Thursday, 18 August 2011

familiar surrounding,

the blue carpet,

musical instrument and stands,

the chilly air conditioning,

meeting familiar people,

i’m back to penang again, earlier, for the sake of the place that held so much memories. memories that makes me feel nostalgic and pondering. does respect and trust that was build was so fragile that it come crumbling down in spite seconds?

the perhaps good old memories that never dies. i dislike the people but i’m drawn to that place. i wondered why. as i long for those good old times, i’ve known well those will always remain as a longing. a dream that will never repeat again once awaken.

this would be my last year here. i wonder what it holds but despite what will happen, i’ll walk through it. i’ll scrap through it; with a smile, bravery, wisdom and of all, an open heart.

the wound is bleeding again. but that’s okay. because i’m now a better and braver person. :) for now, i just want to see everything with my eyes and feel it with my heart. nothing more and less. oh perhaps, with a smile.

the longing is still there. but for now, i’m walking down my own path again.

Monday, 15 August 2011

oh yes, a long hiatus. even though it’s holiday. holiday, that’s it.

i’m feeling much better right now. i’m feeling happy, relaxed and looking forward to my every-boring-day. and most of all, i’m feeling good about myself; i haven’t been having this kind of feeling for the longest time.

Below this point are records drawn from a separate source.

(* Let $\mathcal{X}=\langle\mathsf{S},\mathsf{po},\mathsf{rf}\rangle$ be a $\textsf{VSC-read}$ instance and let $\langle\mathcal{X}',\mathsf{cap}',\mathsf{rf}'\rangle$ be the $\textsf{VCh-rf}$ instance constructed from it as described below. Then $\mathcal{X}$ is sequentially consistent if and only if $\langle\mathcal{X}',\mathsf{cap}',\mathsf{rf}'\rangle$ is consistent.
   Context: Channels and events. Each channel $\mathtt{ch}$ has a capacity $\mathsf{cap}(\mathtt{ch})\in\mathbb{N}$; $\mathtt{ch}$ is synchronous if $\mathsf{cap}(\mathtt{ch})=0$ and asynchronous otherwise. An event is a tuple $e=\langle id,\tau,\mathsf{op}(\mathtt{ch},\mathsf{val})\rangle$ with a unique identifier $id$, a thread $\tau$, an operation $\mathsf{op}\in\{\mathtt{snd},\mathtt{rcv}\}$, a channel $\mathtt{ch}$ and a value $\mathsf{val}$. An execution is a finite sequence $\sigma$ of distinct events. $\sigma$ is well-formed (w.r.t. $\mathsf{cap}$) if: (i) for every asynchronous $\mathtt{ch}$ and every prefix $\pi$ of $\sigma$, $R_\pi(\mathtt{ch})\le S_\pi(\mathtt{ch})\le R_\pi(\mathtt{ch})+\mathsf{cap}(\mathtt{ch})$, where $S_\pi(\mathtt{ch})$, $R_\pi(\mathtt{ch})$ are the numbers of send, resp. receive, events on $\mathtt{ch}$ in $\pi$; (ii) for every synchronous $\mathtt{ch}$, every send on $\mathtt{ch}$ is immediately followed in $\sigma$ by a receive on $\mathtt{ch}$ of a different thread, and every receive on $\mathtt{ch}$ is immediately preceded in $\sigma$ by a send on $\mathtt{ch}$ of a different thread; (iii) for every channel $\mathtt{ch}$ and every $i$, if $\sigma$ contains an $i$-th receive on $\mathtt{ch}$, then the $i$-th send on $\mathtt{ch}$ has the same value as it. The program order $\mathsf{po}_\sigma$ is the set of pairs $(e,f)$ with $e$ before $f$ in $\sigma$ and in the same thread; the reads-from relation $\mathsf{rf}_\sigma$ is the set of pairs $(s,r)$ such that for some channel $\mathtt{ch}$ and some $i$, $s$ is the $i$-th send and $r$ the $i$-th receive on $\mathtt{ch}$ in $\sigma$. An abstract execution is $\mathcal{X}=\langle \mathsf{S},\mathsf{po}\rangle$ where $\mathsf{S}$ is a finite set of events and $\mathsf{po}$ is a strict order that totally orders the events of each thread and relates no events of different threads. An instance of $\textsf{VCh-rf}$ is $\langle\mathcal{X},\mathsf{cap},\mathsf{rf}\rangle$ where $\mathsf{cap}$ is a capacity function on the channels occurring in $\mathsf{S}$ and $\mathsf{rf}$ is a set of pairs $(s,r)$ of a send and a receive event of $\mathsf{S}$ on the same channel; it is consistent if there is an execution $\sigma$ whose set of events is $\mathsf{S}$, with $\mathsf{po}_\sigma=\mathsf{po}$, $\sigma$ well-formed, and $\mathsf{rf}_\sigma=\mathsf{rf}$ (values are irrelevant here). $\textsf{VSC-read}$. An instance is $\langle\mathsf{S},\mathsf{po},\mathsf{rf}\rangle$ where $\mathsf{S}$ is a finite set of events of the form $\langle\tau,\mathsf{r}(x)\rangle$ (read of register $x$ by thread $\tau$) or $\langle\tau,\mathsf{w}(x)\rangle$ (write), $\mathsf{po}$ totally orders the events of each thread and relates no events of different threads, and $\mathsf{rf}$ maps each read to a write of the same register. It is sequentially consistent if there is a total order on $\mathsf{S}$ extending $\mathsf{po}$ such that for every $(w,r)\in\mathsf{rf}$ on register $x$, $w$ precedes $r$ and no other write to $x$ lies between $w$ and $r$. Construction. Let $\mathcal{R}$ be the set of registers. For a write $e$ let $p_e$ be the number of reads $f$ with $(e,f)\in\mathsf{rf}$, fix an arbitrary enumeration $f_1,\dots,f_{p_e}$ of them, and for $x\in\mathcal{R}$ let $m_x=\max\{p_e: e\text{ a write on }x\}$. $\mathcal{X}'$ has the same threads, channels $\{\mathtt{ch}_x^i: x\in\mathcal{R},1\le i\le m_x\}\cup\{\ell\}$, and $\mathsf{cap}'\equiv1$. Each $e\in\mathsf{S}$ of thread $\tau$ is replaced by a sequence $M(e)$ of fresh events of thread $\tau$: for a write $e$ on $x$, $M(e)=\mathtt{snd}(\ell)\cdot\mathtt{snd}(\mathtt{ch}_x^1)\cdots\mathtt{snd}(\mathtt{ch}_x^{m_x})\cdot\mathtt{rcv}(\mathtt{ch}_x^{p_e+1})\cdots\mathtt{rcv}(\mathtt{ch}_x^{m_x})\cdot\mathtt{rcv}(\ell)$; for the read $f_i$ (the $i$-th read of write $e$ on $x$), $M(f_i)=\mathtt{snd}(\ell)\cdot\mathtt{rcv}(\mathtt{ch}_x^i)\cdot\mathtt{rcv}(\ell)$. $\mathsf{S}'$ is the union of all events of all $M(e)$; $\mathsf{po}'$ orders events within each $M(e)$ by their position and orders all events of $M(e)$ before all events of $M(e')$ whenever $(e,e')\in\mathsf{po}$. $\mathsf{rf}'$: in each $M(e)$ the $\mathtt{rcv}(\ell)$ is matched with the $\mathtt{snd}(\ell)$ of the same $M(e)$; for each write $e$ and $1\le i\le p_e$, the $\mathtt{snd}(\mathtt{ch}_x^i)$ of $M(e)$ is matched with the $\mathtt{rcv}(\mathtt{ch}_x^i)$ of $M(f_i)$; for $p_e<j\le m_x$, the $\mathtt{snd}(\mathtt{ch}_x^j)$ of $M(e)$ is matched with the $\mathtt{rcv}(\mathtt{ch}_x^j)$ of $M(e)$. *)

theory Defs
  imports Main
begin

datatype 'x acc = Rd 'x | Wr 'x

fun is_wr :: "'x acc \<Rightarrow> bool" where
  "is_wr (Wr _) = True" | "is_wr (Rd _) = False"

fun regof :: "'x acc \<Rightarrow> 'x" where
  "regof (Wr x) = x" | "regof (Rd x) = x"

definition vsc_instance ::
  "'e set \<Rightarrow> ('e \<times> 'e) set \<Rightarrow> ('e \<Rightarrow> 't) \<Rightarrow> ('e \<Rightarrow> 'x acc) \<Rightarrow> ('e \<Rightarrow> 'e) \<Rightarrow> bool" where
  "vsc_instance S po thr lab rf \<longleftrightarrow>
     finite S \<and> po \<subseteq> S \<times> S \<and> irrefl po \<and> trans po \<and>
     (\<forall>a\<in>S. \<forall>b\<in>S. a \<noteq> b \<and> thr a = thr b \<longrightarrow> (a, b) \<in> po \<or> (b, a) \<in> po) \<and>
     (\<forall>(a, b)\<in>po. thr a = thr b) \<and>
     (\<forall>r\<in>S. \<not> is_wr (lab r) \<longrightarrow>
        rf r \<in> S \<and> is_wr (lab (rf r)) \<and> regof (lab (rf r)) = regof (lab r))"

definition before :: "'a list \<Rightarrow> 'a \<Rightarrow> 'a \<Rightarrow> bool" where
  "before \<sigma> a b \<longleftrightarrow> (\<exists>i j. i < j \<and> j < length \<sigma> \<and> \<sigma> ! i = a \<and> \<sigma> ! j = b)"

text \<open>A total order on S is represented by a duplicate-free list enumerating S.\<close>
definition seq_consistent ::
  "'e set \<Rightarrow> ('e \<times> 'e) set \<Rightarrow> ('e \<Rightarrow> 'x acc) \<Rightarrow> ('e \<Rightarrow> 'e) \<Rightarrow> bool" where
  "seq_consistent S po lab rf \<longleftrightarrow>
     (\<exists>\<sigma>. distinct \<sigma> \<and> set \<sigma> = S \<and>
        (\<forall>(a, b)\<in>po. before \<sigma> a b) \<and>
        (\<forall>r\<in>S. \<not> is_wr (lab r) \<longrightarrow>
           before \<sigma> (rf r) r \<and>
           (\<forall>w\<in>S. is_wr (lab w) \<and> regof (lab w) = regof (lab r) \<and> w \<noteq> rf r \<longrightarrow>
              \<not> (before \<sigma> (rf r) w \<and> before \<sigma> w r))))"

datatype chop = Snd | Rcv

definition sends_on :: "('v \<Rightarrow> chop) \<Rightarrow> ('v \<Rightarrow> 'c) \<Rightarrow> 'c \<Rightarrow> 'v list \<Rightarrow> 'v list" where
  "sends_on op ch c \<sigma> = filter (\<lambda>e. op e = Snd \<and> ch e = c) \<sigma>"

definition rcvs_on :: "('v \<Rightarrow> chop) \<Rightarrow> ('v \<Rightarrow> 'c) \<Rightarrow> 'c \<Rightarrow> 'v list \<Rightarrow> 'v list" where
  "rcvs_on op ch c \<sigma> = filter (\<lambda>e. op e = Rcv \<and> ch e = c) \<sigma>"

text \<open>Well-formedness conditions (i) and (ii); condition (iii) concerns values, which are
  irrelevant for VCh-rf and are not modelled.\<close>
definition well_formed ::
  "('c \<Rightarrow> nat) \<Rightarrow> ('v \<Rightarrow> 't) \<Rightarrow> ('v \<Rightarrow> chop) \<Rightarrow> ('v \<Rightarrow> 'c) \<Rightarrow> 'v list \<Rightarrow> bool" where
  "well_formed cap thr op ch \<sigma> \<longleftrightarrow>
     (\<forall>c n. 0 < cap c \<longrightarrow> n \<le> length \<sigma> \<longrightarrow>
        length (rcvs_on op ch c (take n \<sigma>)) \<le> length (sends_on op ch c (take n \<sigma>)) \<and>
        length (sends_on op ch c (take n \<sigma>)) \<le> length (rcvs_on op ch c (take n \<sigma>)) + cap c) \<and>
     (\<forall>i < length \<sigma>. cap (ch (\<sigma> ! i)) = 0 \<longrightarrow>
        (op (\<sigma> ! i) = Snd \<longrightarrow> Suc i < length \<sigma> \<and> op (\<sigma> ! Suc i) = Rcv \<and>
            ch (\<sigma> ! Suc i) = ch (\<sigma> ! i) \<and> thr (\<sigma> ! Suc i) \<noteq> thr (\<sigma> ! i)) \<and>
        (op (\<sigma> ! i) = Rcv \<longrightarrow> 0 < i \<and> op (\<sigma> ! (i - 1)) = Snd \<and>
            ch (\<sigma> ! (i - 1)) = ch (\<sigma> ! i) \<and> thr (\<sigma> ! (i - 1)) \<noteq> thr (\<sigma> ! i)))"

definition po_of :: "('v \<Rightarrow> 't) \<Rightarrow> 'v list \<Rightarrow> ('v \<times> 'v) set" where
  "po_of thr \<sigma> = {(\<sigma> ! i, \<sigma> ! j) | i j. i < j \<and> j < length \<sigma> \<and> thr (\<sigma> ! i) = thr (\<sigma> ! j)}"

definition rf_of :: "('v \<Rightarrow> chop) \<Rightarrow> ('v \<Rightarrow> 'c) \<Rightarrow> 'v list \<Rightarrow> ('v \<times> 'v) set" where
  "rf_of op ch \<sigma> = {(s, r). \<exists>c i. i < length (sends_on op ch c \<sigma>) \<and> i < length (rcvs_on op ch c \<sigma>) \<and>
      sends_on op ch c \<sigma> ! i = s \<and> rcvs_on op ch c \<sigma> ! i = r}"

definition vch_consistent ::
  "'v set \<Rightarrow> ('v \<times> 'v) set \<Rightarrow> ('c \<Rightarrow> nat) \<Rightarrow> ('v \<Rightarrow> 't) \<Rightarrow> ('v \<Rightarrow> chop) \<Rightarrow> ('v \<Rightarrow> 'c)
     \<Rightarrow> ('v \<times> 'v) set \<Rightarrow> bool" where
  "vch_consistent S po cap thr op ch rf \<longleftrightarrow>
     (\<exists>\<sigma>. distinct \<sigma> \<and> set \<sigma> = S \<and> po_of thr \<sigma> = po \<and> well_formed cap thr op ch \<sigma> \<and>
          rf_of op ch \<sigma> = rf)"

datatype 'x chan = Lch | Cch 'x nat

definition readers :: "'e set \<Rightarrow> ('e \<Rightarrow> 'x acc) \<Rightarrow> ('e \<Rightarrow> 'e) \<Rightarrow> 'e \<Rightarrow> 'e set" where
  "readers S lab rf w = {r \<in> S. \<not> is_wr (lab r) \<and> rf r = w}"

definition mreg :: "'e set \<Rightarrow> ('e \<Rightarrow> 'x acc) \<Rightarrow> ('e \<Rightarrow> 'e) \<Rightarrow> 'x \<Rightarrow> nat" where
  "mreg S lab rf x = Max (insert 0 {card (readers S lab rf w) | w. w \<in> S \<and> lab w = Wr x})"

text \<open>idx r = i means r is the i-th read f_i of its write; it enumerates the readers of
  every write w as 1..p_w.\<close>
definition valid_enum :: "'e set \<Rightarrow> ('e \<Rightarrow> 'x acc) \<Rightarrow> ('e \<Rightarrow> 'e) \<Rightarrow> ('e \<Rightarrow> nat) \<Rightarrow> bool" where
  "valid_enum S lab rf idx \<longleftrightarrow>
     (\<forall>w\<in>S. is_wr (lab w) \<longrightarrow>
        bij_betw idx (readers S lab rf w) {1..card (readers S lab rf w)})"

definition Mseq ::
  "'e set \<Rightarrow> ('e \<Rightarrow> 'x acc) \<Rightarrow> ('e \<Rightarrow> 'e) \<Rightarrow> ('e \<Rightarrow> nat) \<Rightarrow> 'e \<Rightarrow> (chop \<times> 'x chan) list" where
  "Mseq S lab rf idx e =
     (case lab e of
        Wr x \<Rightarrow>
          [(Snd, Lch)] @ map (\<lambda>j. (Snd, Cch x j)) [1..<mreg S lab rf x + 1]
          @ map (\<lambda>j. (Rcv, Cch x j)) [card (readers S lab rf e) + 1..<mreg S lab rf x + 1]
          @ [(Rcv, Lch)]
      | Rd x \<Rightarrow> [(Snd, Lch), (Rcv, Cch x (idx e)), (Rcv, Lch)])"

text \<open>Event (e,k) is the k-th (0-based) event of M(e).\<close>
definition S' :: "'e set \<Rightarrow> ('e \<Rightarrow> 'x acc) \<Rightarrow> ('e \<Rightarrow> 'e) \<Rightarrow> ('e \<Rightarrow> nat) \<Rightarrow> ('e \<times> nat) set" where
  "S' S lab rf idx = {(e, k). e \<in> S \<and> k < length (Mseq S lab rf idx e)}"

definition thr' :: "('e \<Rightarrow> 't) \<Rightarrow> 'e \<times> nat \<Rightarrow> 't" where
  "thr' thr v = thr (fst v)"

definition op' :: "'e set \<Rightarrow> ('e \<Rightarrow> 'x acc) \<Rightarrow> ('e \<Rightarrow> 'e) \<Rightarrow> ('e \<Rightarrow> nat) \<Rightarrow> 'e \<times> nat \<Rightarrow> chop" where
  "op' S lab rf idx v = fst (Mseq S lab rf idx (fst v) ! snd v)"

definition ch' :: "'e set \<Rightarrow> ('e \<Rightarrow> 'x acc) \<Rightarrow> ('e \<Rightarrow> 'e) \<Rightarrow> ('e \<Rightarrow> nat) \<Rightarrow> 'e \<times> nat \<Rightarrow> 'x chan" where
  "ch' S lab rf idx v = snd (Mseq S lab rf idx (fst v) ! snd v)"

gone are the days where i lived my life consumed with guilt with regret. seriously, i have no slight idea what the hell ever happened to me. neither i have any clue of what may be the cause (okay, this is the lie. i do have an idea on what’s going on but for now, let me go into the state of denial about it shall we?)

anyhow, i’m feeling so so so good and so great! though i’m wasting my time doing crap everyday, i’m actually still living my life to the fullest. oh yea, great news? i learn how not to take things to seriously. for most of the things.

for now, everything is great. counting down for 3 more days before i gotta get my ass back to penang for the upcoming concert and convocation practises. yes, lotsa hell might me waiting for me there but i guess i’ll just do whatever i can to make sure i’m not drag into those shit.

life has never been this great. and writing has never been feeling this good – for the longest time!

oh yes, i’m happy and i can’t help but to repeating it over and over again. =D

 

Cheers for the chilly windy day!

Tuesday, 26 July 2011

i long for the genuine smile i once had

the smile that was of pure and sincere happiness

Tuesday, 5 July 2011

when it’s time to say eternal goodbye, i wonder how things would look like?

call me a craze, but i at times, i do fancy about my own funeral. the thoughts of how my funeral would look like linger in my mind at times. i would ponder;

who will turned up to bid the last farewell?

what would be their reaction?

will they shed tears?

will they miss me?

will i be remembered or disappeared without a trace in no time?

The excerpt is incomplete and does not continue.